3. Truncation is done via '*' character (truncates for any word
beginning or ending) and via '?' character (truncates for any
phrase beginning or ending, i.e. including whitespace, commas etc).
"muon*" ... matches records that contain words 'muon', 'muons',
'muonic', etc.
"muon?" ... matches records that start by letters 'muon', e.g.
'Muon (g-2) in model...', 'Muon and Muon Neutrino
Fluxes...', 'Muon Anomalous Magnetic Moment...', etc.
(This is good for ACC style of searches.)
The difference is important: e.g. (1) if you search for "muon
anomalous*" within title, you will do a WRD style of search for the
word 'muon', and the word that start by letters 'anomalous', and
then you do a logical and operation. (2) if you search for "muon
anomalous?" within title, you will ACC style of search, so that
only records that start by letters 'muon anomalous' are retrieved.
The wildcards work both in the prefix and the postfix mode:
"*ism" ... matches records that contain words that end by letters
'-ism'
"*o*" ... matches records that contain words that contain the
letter 'o' anywhere in the word (kinda slow!)
4. Search for various fields is supported via Google "site:" like
syntax. For example:
"author:ellis" ... matches records containing the word 'ellis'
anywhere within author fields (100 $a, 700 $a)
"author:ellis, j?" ... matches records that start by 'ellis, j'
inside author fields (100 $a, 700 $a)
"title:muon*" ... matches records with the words like 'muon',
'muonic', 'muons', etc anywhere within the title
The old syntax is also accepted, e.g. "wab=trigger" is silently
changed into "abstract:trigger".
The power users may use MARC-21 fields directly:
"100__a:ellis?" ... matches records that have '100 $a' subfield
starting by letters 'ellis'
Note that all MARC-21 fields are searchable in this manner, for
example:
"909C0e:WA9?" ... matches records that have '909 C0 $e' subfield
starting by letters 'WA9'
You can search several 'near' MARC-21 fields in one go:
"24*:the cms?" ... matches records that have '24x xx $x' subfields
(where 'x' stands for anything) starting by
letters 'the cms'
"24:the cms?" ... ditto, syntactic sugar
"24:?the cms?" ... ditto, but letters 'the cms' can be found
anywhere within these fields (not only at its
beginning)
5. Phrase search syntax done when single or double quotes are used.

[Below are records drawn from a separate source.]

lemma sim_msubst:
  shows "sim \<rho> m p q \<Longrightarrow> m c = None \<Longrightarrow> sim \<rho> m s s'
      \<Longrightarrow> sim \<rho> m (msubst p c s) (msubst q c s')"
    and "sim_app \<rho> m j p q \<Longrightarrow> m c = None \<Longrightarrow> sim \<rho> m s s'
      \<Longrightarrow> sim_app \<rho> m j (msubst p c s) (msubst q c s')"
proof (induction arbitrary: c s s' and c s s' rule: sim_sim_app.inducts)
  case (sim_Lam \<rho> m p q)
  have "sim (case_nat 0 (Suc \<circ> \<rho>)) (map_option Suc \<circ> m)
      (msubst p c (liftL 0 s)) (msubst q c (liftL 0 s'))"
    using sim_Lam.prems by (intro sim_Lam.IH sim_liftL_0) simp_all
  then show ?case by (simp add: sim_sim_app.sim_Lam)
next
  case (sim_Mu \<rho> m p q)
  have "sim \<rho> (case_nat None m) (msubst p (Suc c) (liftM 0 s)) (msubst q (Suc c) (liftM 0 s'))"
    using sim_Mu.prems by (intro sim_Mu.IH sim_liftM_0) simp_all
  then show ?case by (simp add: sim_sim_app.sim_Mu)
next
  case (sim_MApp m b \<rho> p q)
  have "sim \<rho> m (msubst p c s) (msubst q c s')"
    using sim_MApp by blast
  with sim_MApp show ?case
    by (simp add: sim_sim_app.sim_MApp sim_sim_app.sim_App)
next
  case (sim_MApp_marked m b j \<rho> p q)
  then have "b \<noteq> c" by auto
  with sim_MApp_marked show ?case
    by (simp add: sim_sim_app.sim_MApp_marked)
next
  case (sim_app_Lam j \<rho> m p q)
  have "sim (case_nat j \<rho>) m (msubst p c (liftL 0 s)) (msubst q c s')"
    using sim_app_Lam.prems by (intro sim_app_Lam.IH sim_liftL_0_left) simp_all
  then show ?case by (simp add: sim_sim_app.sim_app_Lam)
next
  case (sim_app_Mu \<rho> j m p q)
  have "sim \<rho> (case_nat (Some j) m) (msubst p (Suc c) (liftM 0 s)) (msubst q (Suc c) (liftM 0 s'))"
    using sim_app_Mu.prems by (intro sim_app_Mu.IH sim_liftM_0) simp_all
  then show ?case by (simp add: sim_sim_app.sim_app_Mu)
qed (simp_all add: sim_sim_app.intros)

lemma substL_Var_unshift_idx: "substL (Var i) k s = (if i = k then s else Var (unshift_idx k i))"
  by (simp add: unshift_idx_def)

lemma sim_substL:
  shows "sim \<rho> m p q \<Longrightarrow> \<rho> k = k' \<Longrightarrow> (\<And>i. i \<noteq> k \<Longrightarrow> \<rho> i \<noteq> k') \<Longrightarrow> (\<And>b. m b \<noteq> Some k')
      \<Longrightarrow> (\<And>i. \<rho>' i = unshift_idx k' (\<rho> (shift_idx k i)))
      \<Longrightarrow> (\<And>b. m' b = map_option (unshift_idx k') (m b)) \<Longrightarrow> sim \<rho>' m' s s'
      \<Longrightarrow> sim \<rho>' m' (substL p k s) (substL q k' s')"
    and "sim_app \<rho> m j p q \<Longrightarrow> \<rho> k = k' \<Longrightarrow> (\<And>i. i \<noteq> k \<Longrightarrow> \<rho> i \<noteq> k') \<Longrightarrow> (\<And>b. m b \<noteq> Some k')
      \<Longrightarrow> (\<And>i. \<rho>' i = unshift_idx k' (\<rho> (shift_idx k i)))
      \<Longrightarrow> (\<And>b. m' b = map_option (unshift_idx k') (m b)) \<Longrightarrow> sim \<rho>' m' s s' \<Longrightarrow> j \<noteq> k'
      \<Longrightarrow> sim_app \<rho>' m' (unshift_idx k' j) (substL p k s) (substL q k' s')"
proof (induction arbitrary: k k' \<rho>' m' s s' and k k' \<rho>' m' s s' rule: sim_sim_app.inducts)
  case (sim_Var \<rho> m i)
  show ?case
  proof (cases "i = k")
    case True
    then show ?thesis using sim_Var.prems by simp
  next
    case False
    define i' where "i' = unshift_idx k i"
    have "shift_idx k i' = i"
      using False by (auto simp: shift_idx_def unshift_idx_def i'_def)
    then have "sim \<rho>' m' (Var i') (Var (unshift_idx k' (\<rho> i)))"
      using sim_sim_app.sim_Var[of \<rho>' m' i'] sim_Var.prems(4) by simp
    moreover have "\<rho> i \<noteq> k'"
      using False sim_Var.prems(2) by blast
    ultimately show ?thesis
      using False by (simp del: substL.simps add: substL_Var_unshift_idx i'_def)
  qed
next
  case (sim_Lam \<rho> m p q)
  have "sim (case_nat 0 (Suc \<circ> \<rho>')) (map_option Suc \<circ> m')
      (substL p (Suc k) (liftL 0 s)) (substL q (Suc k') (liftL 0 s'))"
  proof (rule sim_Lam.IH)
    fix i
    show "case_nat 0 (Suc \<circ> \<rho>') i
        = unshift_idx (Suc k') (case_nat 0 (Suc \<circ> \<rho>) (shift_idx (Suc k) i))"
    proof (cases i)
      case (Suc i0)
      have "\<rho> (shift_idx k i0) \<noteq> k'"
        by (rule sim_Lam.prems(2)) (simp add: shift_idx_def)
      then show ?thesis
        using Suc sim_Lam.prems(4) by (auto simp: unshift_idx_def)
    qed (simp add: unshift_idx_def)
  next
    fix b
    show "(map_option Suc \<circ> m') b = map_option (unshift_idx (Suc k')) ((map_option Suc \<circ> m) b)"
      using sim_Lam.prems(3)[of b] sim_Lam.prems(5)[of b]
      by (cases "m b") (auto simp: unshift_idx_def)
  next
    show "sim (case_nat 0 (Suc \<circ> \<rho>')) (map_option Suc \<circ> m') (liftL 0 s) (liftL 0 s')"
      using sim_Lam.prems(6) by (rule sim_liftL_0)
  qed (use sim_Lam.prems in \<open>auto split: nat.split\<close>)
  then show ?case by (simp add: sim_sim_app.sim_Lam)
next
  case (sim_App \<rho> m p q p' q')
  then show ?case by (simp add: sim_sim_app.sim_App)
next
  case (sim_Mu \<rho> m p q)
  have "sim \<rho>' (case_nat None m') (substL p k (liftM 0 s)) (substL q k' (liftM 0 s'))"
  proof (rule sim_Mu.IH)
    show "sim \<rho>' (case_nat None m') (liftM 0 s) (liftM 0 s')"
      using sim_Mu.prems(6) by (rule sim_liftM_0)
  qed (use sim_Mu.prems in \<open>auto split: nat.split\<close>)
  then show ?case by (simp add: sim_sim_app.sim_Mu)
next
  case (sim_MApp m b \<rho> p q)
  then show ?case by (simp add: sim_sim_app.sim_MApp)
next
  case (sim_MApp_marked m b j \<rho> p q)
  then have "j \<noteq> k'" by metis
  with sim_MApp_marked show ?case by (simp add: sim_sim_app.sim_MApp_marked)
next
  case (sim_app_App \<rho> m p q j)
  have "sim \<rho>' m' (substL p k s) (substL q k' s')"
    using sim_app_App.prems(1-6) by (rule sim_app_App.IH)
  then have "sim_app \<rho>' m' (unshift_idx k' j) (substL p k s)
      (App (substL q k' s') (Var (unshift_idx k' j)))"
    by (rule sim_sim_app.sim_app_App)
  then show ?case
    using sim_app_App.prems(7) by (simp add: unshift_idx_def split: if_split_asm)
next
  case (sim_app_Lam j \<rho> m p q)
  have "sim (case_nat (unshift_idx k' j) \<rho>') m' (substL p (Suc k) (liftL 0 s)) (substL q k' s')"
  proof (rule sim_app_Lam.IH)
    fix i
    show "case_nat (unshift_idx k' j) \<rho>' i = unshift_idx k' (case_nat j \<rho> (shift_idx (Suc k) i))"
      using sim_app_Lam.prems(4) by (cases i) simp_all
  next
    show "sim (case_nat (unshift_idx k' j) \<rho>') m' (liftL 0 s) s'"
      using sim_app_Lam.prems(6) by (rule sim_liftL_0_left)
  qed (use sim_app_Lam.prems in \<open>auto split: nat.split\<close>)
  then show ?case by (simp add: sim_sim_app.sim_app_Lam)
next
  case (sim_app_Mu \<rho> j m p q)
  have "sim \<rho>' (case_nat (Some (unshift_idx k' j)) m') (substL p k (liftM 0 s)) (substL q k' (liftM 0 s'))"
  proof (rule sim_app_Mu.IH)
    show "sim \<rho>' (case_nat (Some (unshift_idx k' j)) m') (liftM 0 s) (liftM 0 s')"
      using sim_app_Mu.prems(6) by (rule sim_liftM_0)
  qed (use sim_app_Mu.prems in \<open>auto split: nat.split\<close>)
  then show ?case by (simp add: sim_sim_app.sim_app_Mu)
qed

lemma sim_substL_0:
  assumes "sim (case_nat 0 (Suc \<circ> \<rho>)) (map_option Suc \<circ> m) p q" and "sim \<rho> m s s'"
  shows "sim \<rho> m (substL p 0 s) (substL q 0 s')"
  using assms(1) by (rule sim_substL(1))
    (use assms(2) in \<open>auto simp: unshift_idx_def option.map_comp o_def option.map_ident split: nat.split\<close>)

inductive_cases red1_VarE: "red1 (Var i) t'"
inductive_cases red1_LamE: "red1 (Lam t) t'"
inductive_cases red1_MuE: "red1 (Mu t) t'"
inductive_cases red1_MAppE: "red1 (MApp a t) t'"

lemma red1_AppE:
  assumes "red1 (App t u) v"
  obtains (beta) b where "t = Lam b" "v = substL b 0 u"
  | (mu) b where "t = Mu b" "v = Mu (msubst b 0 (liftM 0 u))"
  | (appL) t' where "v = App t' u" "red1 t t'"
  | (appR) u' where "v = App t u'" "red1 u u'"
  using assms by (cases rule: red1.cases) auto

inductive_cases sim_LamE: "sim \<rho> m u (Lam q)"
inductive_cases sim_MuE: "sim \<rho> m u (Mu q)"

lemma sim_red1_beta:
  assumes "sim \<rho> m p (Lam b)" and "sim \<rho> m p' q'"
  shows "\<exists>u'. red1 (App p p') u' \<and> sim \<rho> m u' (substL b 0 q')"
proof -
  from assms(1) obtain a where "p = Lam a" "sim (case_nat 0 (Suc \<circ> \<rho>)) (map_option Suc \<circ> m) a b"
    by (auto elim: sim_LamE)
  with assms(2) show ?thesis
    by (blast intro: red1.beta sim_substL_0)
qed

lemma sim_red1_mu:
  assumes "sim \<rho> m p (Mu b)" and "sim \<rho> m p' q'"
  shows "\<exists>u'. red1 (App p p') u' \<and> sim \<rho> m u' (Mu (msubst b 0 (liftM 0 q')))"
proof -
  from assms(1) obtain a where a: "p = Mu a" "sim \<rho> (case_nat None m) a b"
    by (auto elim: sim_MuE)
  have "sim \<rho> (case_nat None m) (msubst a 0 (liftM 0 p')) (msubst b 0 (liftM 0 q'))"
    using a(2) by (rule sim_msubst(1)) (simp_all add: sim_liftM_0 assms(2))
  with a(1) show ?thesis
    by (blast intro: red1.mu sim_sim_app.sim_Mu)
qed

lemma sim_app_absorbs_beta:
  assumes "sim \<rho> m p (Lam b)"
  shows "sim_app \<rho> m j p (substL b 0 (Var j))"
proof -
  from assms obtain a where a: "p = Lam a" "sim (case_nat 0 (Suc \<circ> \<rho>)) (map_option Suc \<circ> m) a b"
    by (auto elim: sim_LamE)
  have "sim (case_nat j \<rho>) m (renL (\<lambda>i. i) a) (substL b 0 (Var j))"
    unfolding substL_Var_eq_renL using a(2)
    by (rule sim_renL(1)) (auto simp: unshift_idx_def option.map_comp o_def option.map_ident split: nat.split)
  with a(1) show ?thesis
    by (simp add: renL_ident sim_sim_app.sim_app_Lam)
qed

lemma sim_app_absorbs_mu:
  assumes "sim \<rho> m p (Mu b)"
  shows "sim_app \<rho> m j p (Mu (msubst b 0 (liftM 0 (Var j))))"
proof -
  from assms obtain a where a: "p = Mu a" "sim \<rho> (case_nat None m) a b"
    by (auto elim: sim_MuE)
  have "sim \<rho> (case_nat (Some j) m) a (msubst b 0 (Var j))"
    using a(2) by (rule sim_msubst_Var(1)) (simp_all split: nat.split)
  with a(1) show ?thesis
    by (simp add: sim_sim_app.sim_app_Mu)
qed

The search is done by searching directly MARC-21 tags. The phrase
search is in fact a substring search, so that:
"author:'ellis, j'" ... matches authors like 'Ellis, John' or
'Ellis, J' but also 'Nellis, Jim' etc.
So that the difference beween "author:ellis, j?" and
"author:'ellis, j'" is that in the former case the start of the
field is fixed by the letter 'e', while in the latter case any text
may precede.
"title:'high precision'" ... matches titles "The high precision
measurements...', or '...rendered with
high precisions, etc.
"abstract:'f'" ... matches records that contain the letter 'f'
inside the abstract (extremely slow!). This is
because the phrase search is implemented as a
substring search, i.e. word boundaries are not
required nor checked.
6. All the syntax mentioned above can be combined together, e.g.

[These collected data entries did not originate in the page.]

(* Let $n$ be such that $n/2$ is odd, let $\Omega\subseteq\mathbb{R}^n$ be open, let $\underline{f}$ be a vector-valued function on $\Omega$ and $\lambda\in\mathbb{C}$. With $A=M^{ie_N}\partial_{\underline{x}}^{-\underline{f}}$ and $B=M^{ie_N}\partial_{\underline{x}}^{\underline{f}}$ acting on $\mathbb{C}_n$-valued functions on $\Omega$, one has (i) $\ker(A\pm\lambda)=\ker\left(\partial_{\underline{x}}-M^{\underline{f}\mp\lambda ie_N}\right)$; (ii) $\ker(B\pm\lambda)=\ker\left(\partial_{\underline{x}}+M^{\underline{f}\pm\lambda ie_N}\right)$.
   Context: $\mathbb{R}_{0,n}$ is the real Clifford algebra generated by an orthonormal basis $e_1,\dots,e_n$ of $\mathbb{R}^n$ with relations $e_je_k+e_ke_j=-2\delta_{jk}$; $\mathbb{C}_n=\mathbb{R}_{0,n}\otimes\mathbb{C}$, with $i$ the complex unit. $e_N=e_1e_2\cdots e_n$ is the pseudo-scalar. The Dirac operator is $\partial_{\underline{x}}=\sum_{j=1}^n e_j\partial_{x_j}$, acting from the left. For a function $f$, $M^f$ is right multiplication: $M^fg=gf$; $\partial_{\underline{x}}^{\pm f}=\partial_{\underline{x}}\pm M^f$. *)

theory Defs
  imports "HOL-Analysis.Analysis"
begin

text \<open>Complex Clifford algebra C_n = R_{0,n} (x) C with generators e_j, j :: 'n, where
  'n is a finite linearly ordered index type with CARD('n) = n.  An element is
  represented by its coordinates w.r.t. the blade basis e_A (A a subset of 'n, the
  product of the e_j, j in A, in increasing order).\<close>

type_synonym 'n cl = "'n set \<Rightarrow> complex"
type_synonym 'n cl_pt = "(real, 'n) vec"

definition blade_sign :: "'n::linorder set \<Rightarrow> 'n set \<Rightarrow> complex" where
  "blade_sign A B = (-1) ^ (card {(a, b). a \<in> A \<and> b \<in> B \<and> b < a} + card (A \<inter> B))"

definition cl_mult :: "'n::{finite,linorder} cl \<Rightarrow> 'n cl \<Rightarrow> 'n cl" where
  "cl_mult x y = (\<lambda>C. \<Sum>A\<in>UNIV. \<Sum>B\<in>UNIV.
      if (A - B) \<union> (B - A) = C then blade_sign A B * x A * y B else 0)"

definition cl_add :: "'n cl \<Rightarrow> 'n cl \<Rightarrow> 'n cl" where
  "cl_add x y = (\<lambda>A. x A + y A)"

definition cl_sub :: "'n cl \<Rightarrow> 'n cl \<Rightarrow> 'n cl" where
  "cl_sub x y = (\<lambda>A. x A - y A)"

definition cl_scale :: "complex \<Rightarrow> 'n cl \<Rightarrow> 'n cl" where
  "cl_scale c x = (\<lambda>A. c * x A)"

definition cl_zero :: "'n cl" where
  "cl_zero = (\<lambda>A. 0)"

definition cl_e :: "'n \<Rightarrow> 'n cl" where
  "cl_e j = (\<lambda>A. if A = {j} then 1 else 0)"

definition i_eN :: "'n::finite cl" where
  "i_eN = (\<lambda>A. if A = UNIV then \<i> else 0)"

definition cl_vec :: "('n \<Rightarrow> real) \<Rightarrow> 'n cl" where
  "cl_vec v = (\<lambda>A. if card A = 1 then complex_of_real (v (the_elem A)) else 0)"

definition cl_partial :: "'n::finite \<Rightarrow> ('n cl_pt \<Rightarrow> 'n cl) \<Rightarrow> 'n cl_pt \<Rightarrow> 'n cl" where
  "cl_partial j g x = (\<lambda>A. vector_derivative (\<lambda>t. g (x + t *\<^sub>R axis j 1) A) (at 0))"

definition dirac :: "(('n::{finite,linorder}) cl_pt \<Rightarrow> 'n cl) \<Rightarrow> 'n cl_pt \<Rightarrow> 'n cl" where
  "dirac g x = (\<lambda>A. \<Sum>j\<in>UNIV. cl_mult (cl_e j) (cl_partial j g x) A)"

definition rmult :: "(('n::{finite,linorder}) cl_pt \<Rightarrow> 'n cl) \<Rightarrow> ('n cl_pt \<Rightarrow> 'n cl) \<Rightarrow> 'n cl_pt \<Rightarrow> 'n cl" where
  "rmult h g = (\<lambda>x. cl_mult (g x) (h x))"

definition cl_diff_on :: "(('n::finite) cl_pt) set \<Rightarrow> ('n cl_pt \<Rightarrow> 'n cl) \<Rightarrow> bool" where
  "cl_diff_on \<Omega> g \<longleftrightarrow> (\<forall>A. \<forall>x\<in>\<Omega>. (\<lambda>y. g y A) differentiable (at x))"

definition cl_ker :: "(('n::finite) cl_pt) set \<Rightarrow> (('n cl_pt \<Rightarrow> 'n cl) \<Rightarrow> ('n cl_pt \<Rightarrow> 'n cl))
    \<Rightarrow> ('n cl_pt \<Rightarrow> 'n cl) set" where
  "cl_ker \<Omega> L = {g. cl_diff_on \<Omega> g \<and> (\<forall>x\<in>\<Omega>. L g x = cl_zero)}"

text \<open>A = M^{i e_N} (d - M^f) and B = M^{i e_N} (d + M^f), f vector-valued\<close>
definition opA :: "((real, 'n::{finite,linorder}) vec \<Rightarrow> ('n \<Rightarrow> real))
    \<Rightarrow> ('n cl_pt \<Rightarrow> 'n cl) \<Rightarrow> 'n cl_pt \<Rightarrow> 'n cl" where
  "opA f g x = cl_mult (cl_sub (dirac g x) (rmult (\<lambda>y. cl_vec (f y)) g x)) i_eN"

definition opB :: "((real, 'n::{finite,linorder}) vec \<Rightarrow> ('n \<Rightarrow> real))
    \<Rightarrow> ('n cl_pt \<Rightarrow> 'n cl) \<Rightarrow> 'n cl_pt \<Rightarrow> 'n cl" where
  "opB f g x = cl_mult (cl_add (dirac g x) (rmult (\<lambda>y. cl_vec (f y)) g x)) i_eN"

end

theory Submission
  imports Defs
begin

text \<open>Right multiplication by i e_N acts on blade coordinates as x \<mapsto> (C \<mapsto> \<sigma>(C) x(-C)) with
  \<sigma>(C) \<sigma>(-C) = -(-1)^(n(n+1)/2), which is 1 when n/2 is odd; so (i e_N)^2 = 1 and right
  multiplication by i e_N is a linear involution.  Applying it to Y i e_N \<pm> \<lambda> g, where
  Y = \<partial> g \<mp> g f, shows that this vanishes exactly when Y \<pm> \<lambda> g i e_N does, and the latter is
  \<partial> g \<mp> g (f \<mp> \<lambda> i e_N) up to sign.\<close>

lemma cl_mult_add_left: "cl_mult (cl_add x y) z = cl_add (cl_mult x z) (cl_mult y z)"
  unfolding cl_mult_def cl_add_def
  by (auto simp: fun_eq_iff sum.distrib[symmetric] algebra_simps intro!: sum.cong)

lemma cl_mult_scale_left: "cl_mult (cl_scale c x) y = cl_scale c (cl_mult x y)"
  unfolding cl_mult_def cl_scale_def
  by (auto simp: fun_eq_iff sum_distrib_left algebra_simps intro!: sum.cong)

lemma cl_mult_zero_left: "cl_mult cl_zero y = cl_zero"
  unfolding cl_mult_def cl_zero_def by (simp add: fun_eq_iff sum.neutral)

lemma cl_mult_sub_right: "cl_mult x (cl_sub y z) = cl_sub (cl_mult x y) (cl_mult x z)"
  unfolding cl_mult_def cl_sub_def
  by (auto simp: fun_eq_iff sum_subtractf[symmetric] algebra_simps intro!: sum.cong)

lemma cl_mult_add_right: "cl_mult x (cl_add y z) = cl_add (cl_mult x y) (cl_mult x z)"
  unfolding cl_mult_def cl_add_def
  by (auto simp: fun_eq_iff sum.distrib[symmetric] algebra_simps intro!: sum.cong)

lemma cl_mult_scale_right: "cl_mult x (cl_scale c y) = cl_scale c (cl_mult x y)"
  unfolding cl_mult_def cl_scale_def
  by (auto simp: fun_eq_iff sum_distrib_left algebra_simps intro!: sum.cong)

lemma cl_mult_i_eN_apply: "cl_mult x i_eN C = blade_sign (- C) UNIV * \<i> * x (- C)"
proof -
  have "cl_mult x i_eN C = (\<Sum>A\<in>UNIV. \<Sum>B\<in>UNIV. if B = UNIV then
      (if (A - B) \<union> (B - A) = C then blade_sign A B * x A * \<i> else 0) else 0)"
    unfolding cl_mult_def i_eN_def by (intro sum.cong refl) auto
  also have "\<dots> = (\<Sum>A\<in>UNIV. if A = - C then blade_sign A UNIV * x A * \<i> else 0)"
    by (intro sum.cong refl) (auto simp: sum.delta')
  finally show ?thesis by (simp add: sum.delta')
qed

lemma card_less_pairs:
  "2 * card {(a, b::'n::{finite,linorder}). b < a} + CARD('n) = CARD('n) * CARD('n)"
proof -
  let ?P = "{(a, b::'n). b < a}" and ?Q = "{(a, b::'n). a < b}" and ?D = "{(a, b::'n). a = b}"
  have "card ?Q = card ?P"
    by (rule bij_betw_same_card[of "\<lambda>(a, b). (b, a)"])
      (auto simp: bij_betw_def inj_on_def image_def)
  moreover have "card ?D = CARD('n)"
    by (rule bij_betw_same_card[of "\<lambda>(a, b). a"]) (auto simp: bij_betw_def inj_on_def image_def)
  moreover have "card (?P \<union> ?Q \<union> ?D) = card ?P + card ?Q + card ?D"
    by (subst card_Un_disjoint; auto simp: card_Un_disjoint)+
  moreover have "?P \<union> ?Q \<union> ?D = UNIV" by auto
  ultimately show ?thesis
    using card_cartesian_product[of "UNIV :: 'n set" "UNIV :: 'n set"] by simp
qed

lemma blade_sign_compl_UNIV:
  fixes C :: "'n::{finite,linorder} set"
  shows "blade_sign (- C) UNIV * blade_sign C UNIV
     = (-1) ^ (card {(a, b::'n). b < a} + CARD('n))"
proof -
  have pairs: "card {(a, b). a \<in> A \<and> b \<in> (UNIV::'n set) \<and> b < a}
      + card {(a, b). a \<in> - A \<and> b \<in> (UNIV::'n set) \<and> b < a} = card {(a, b::'n). b < a}"
    for A :: "'n set"
  proof -
    have "{(a, b::'n). b < a}
        = {(a, b). a \<in> A \<and> b \<in> UNIV \<and> b < a} \<union> {(a, b). a \<in> - A \<and> b \<in> UNIV \<and> b < a}"
      by auto
    then show ?thesis by (simp add: card_Un_disjoint[symmetric] disjoint_iff)
  qed
  let ?q = "\<lambda>A. card {(a, b). a \<in> A \<and> b \<in> (UNIV::'n set) \<and> b < a}"
  have "card (- C \<union> C) = card (- C) + card C"
    by (rule card_Un_disjoint) auto
  then have "card (- C) + card C = CARD('n)"
    by (simp add: Compl_partition2)
  then have "?q (- C) + card (- C) + (?q C + card C) = card {(a, b::'n). b < a} + CARD('n)"
    using pairs[of C] by simp
  moreover have "blade_sign (- C) UNIV * blade_sign C UNIV
      = (-1) ^ (?q (- C) + card (- C) + (?q C + card C))"
    unfolding blade_sign_def power_add by simp
  ultimately show ?thesis by simp
qed

lemma cl_mult_i_eN_involutive:
  fixes x :: "'n::{finite,linorder} cl"
  assumes "even CARD('n)" and "odd (CARD('n) div 2)"
  shows "cl_mult (cl_mult x i_eN) i_eN = x"
proof -
  let ?p = "card {(a, b::'n). b < a}"
  obtain k where k: "CARD('n) = 2 * k" and "odd k" using assms by auto
  have "?p + CARD('n) = 2 * (k * k) + k" using card_less_pairs[where 'n='n] k by simp
  then have "odd (?p + CARD('n))" using \<open>odd k\<close> by simp
  then have "blade_sign (- C) UNIV * blade_sign C UNIV = -1" for C :: "'n set"
    by (simp add: blade_sign_compl_UNIV)
  then show ?thesis
    by (simp add: fun_eq_iff cl_mult_i_eN_apply algebra_simps)
qed

lemma cl_mult_i_eN_eq_zero_iff:
  fixes y z :: "'n::{finite,linorder} cl"
  assumes "even CARD('n)" and "odd (CARD('n) div 2)"
  shows "cl_add (cl_mult y i_eN) (cl_scale c z) = cl_zero
     \<longleftrightarrow> cl_add y (cl_scale c (cl_mult z i_eN)) = cl_zero"
proof -
  note involutive = cl_mult_i_eN_involutive[OF assms]
  have "cl_mult (cl_add (cl_mult y i_eN) (cl_scale c z)) i_eN = cl_add y (cl_scale c (cl_mult z i_eN))"
    and "cl_mult (cl_add y (cl_scale c (cl_mult z i_eN))) i_eN = cl_add (cl_mult y i_eN) (cl_scale c z)"
    by (simp_all add: cl_mult_add_left cl_mult_scale_left involutive)
  then show ?thesis by (metis cl_mult_zero_left)
qed

lemma cl_ker_cong:
  assumes "\<And>g x. L1 g x = cl_zero \<longleftrightarrow> L2 g x = cl_zero"
  shows "cl_ker \<Omega> L1 = cl_ker \<Omega> L2"
  unfolding cl_ker_def using assms by auto

lemma cl_sub_scale: "cl_sub x (cl_scale c y) = cl_add x (cl_scale (- c) y)"
  by (simp add: cl_sub_def cl_add_def cl_scale_def fun_eq_iff)

lemma cl_scale_scale: "cl_scale a (cl_scale b x) = cl_scale (a * b) x"
  by (simp add: cl_scale_def fun_eq_iff)

text \<open>These bring both sides of each kernel condition into the shape y + c z used by
  cl_mult_i_eN_eq_zero_iff.\<close>

lemma cl_sub_add_scaled: "cl_sub x (cl_add y z) = cl_add (cl_sub x y) (cl_scale (- 1) z)"
  and cl_sub_sub_scaled: "cl_sub x (cl_sub y z) = cl_add (cl_sub x y) (cl_scale 1 z)"
  and cl_add_add_scaled: "cl_add x (cl_add y z) = cl_add (cl_add x y) (cl_scale 1 z)"
  and cl_add_sub_scaled: "cl_add x (cl_sub y z) = cl_add (cl_add x y) (cl_scale (- 1) z)"
  by (simp_all add: cl_sub_def cl_add_def cl_scale_def fun_eq_iff)

theorem lemma7p1:
  fixes \<Omega> :: "(real, 'n::{finite,linorder}) vec set"
    and f :: "(real, 'n) vec \<Rightarrow> ('n \<Rightarrow> real)"
    and lam :: complex
  assumes "even CARD('n)" and "odd (CARD('n) div 2)"
    and "open \<Omega>"
  shows
    "cl_ker \<Omega> (\<lambda>g x. cl_add (opA f g x) (cl_scale lam (g x)))
       = cl_ker \<Omega> (\<lambda>g x. cl_sub (dirac g x)
           (rmult (\<lambda>y. cl_sub (cl_vec (f y)) (cl_scale lam i_eN)) g x)) \<and>
    cl_ker \<Omega> (\<lambda>g x. cl_sub (opA f g x) (cl_scale lam (g x)))
       = cl_ker \<Omega> (\<lambda>g x. cl_sub (dirac g x)
           (rmult (\<lambda>y. cl_add (cl_vec (f y)) (cl_scale lam i_eN)) g x)) \<and>
    cl_ker \<Omega> (\<lambda>g x. cl_add (opB f g x) (cl_scale lam (g x)))
       = cl_ker \<Omega> (\<lambda>g x. cl_add (dirac g x)
           (rmult (\<lambda>y. cl_add (cl_vec (f y)) (cl_scale lam i_eN)) g x)) \<and>
    cl_ker \<Omega> (\<lambda>g x. cl_sub (opB f g x) (cl_scale lam (g x)))
       = cl_ker \<Omega> (\<lambda>g x. cl_add (dirac g x)
           (rmult (\<lambda>y. cl_sub (cl_vec (f y)) (cl_scale lam i_eN)) g x))"
  using cl_mult_i_eN_eq_zero_iff[OF assms(1,2)]
  by (intro conjI cl_ker_cong)
    (simp_all add: opA_def opB_def rmult_def cl_sub_scale cl_mult_add_right cl_mult_sub_right
      cl_mult_scale_right cl_scale_scale
      cl_sub_add_scaled cl_sub_sub_scaled cl_add_add_scaled cl_add_sub_scaled)

end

"author:ellis -muon* +abstract:'additional data' +909C0:199*" which
would match records that have the word 'ellis' inside author
fields, that do not contain words like 'muon', 'muonic' etc in any
field, that contain the phrase (or the substring, to be more
precise) 'additional data' inside abstract fields, and that have
'909 C0 $x' field (where 'x' stands for anything) starting by
digits '199'.
(Of course, our typical users would just type something like:
"ellis -muon* +199* 'additional data'" instead, which will give
them approximately the same number of hits and about ~10 times
faster.)
Please comment on this RFC as soon as possible.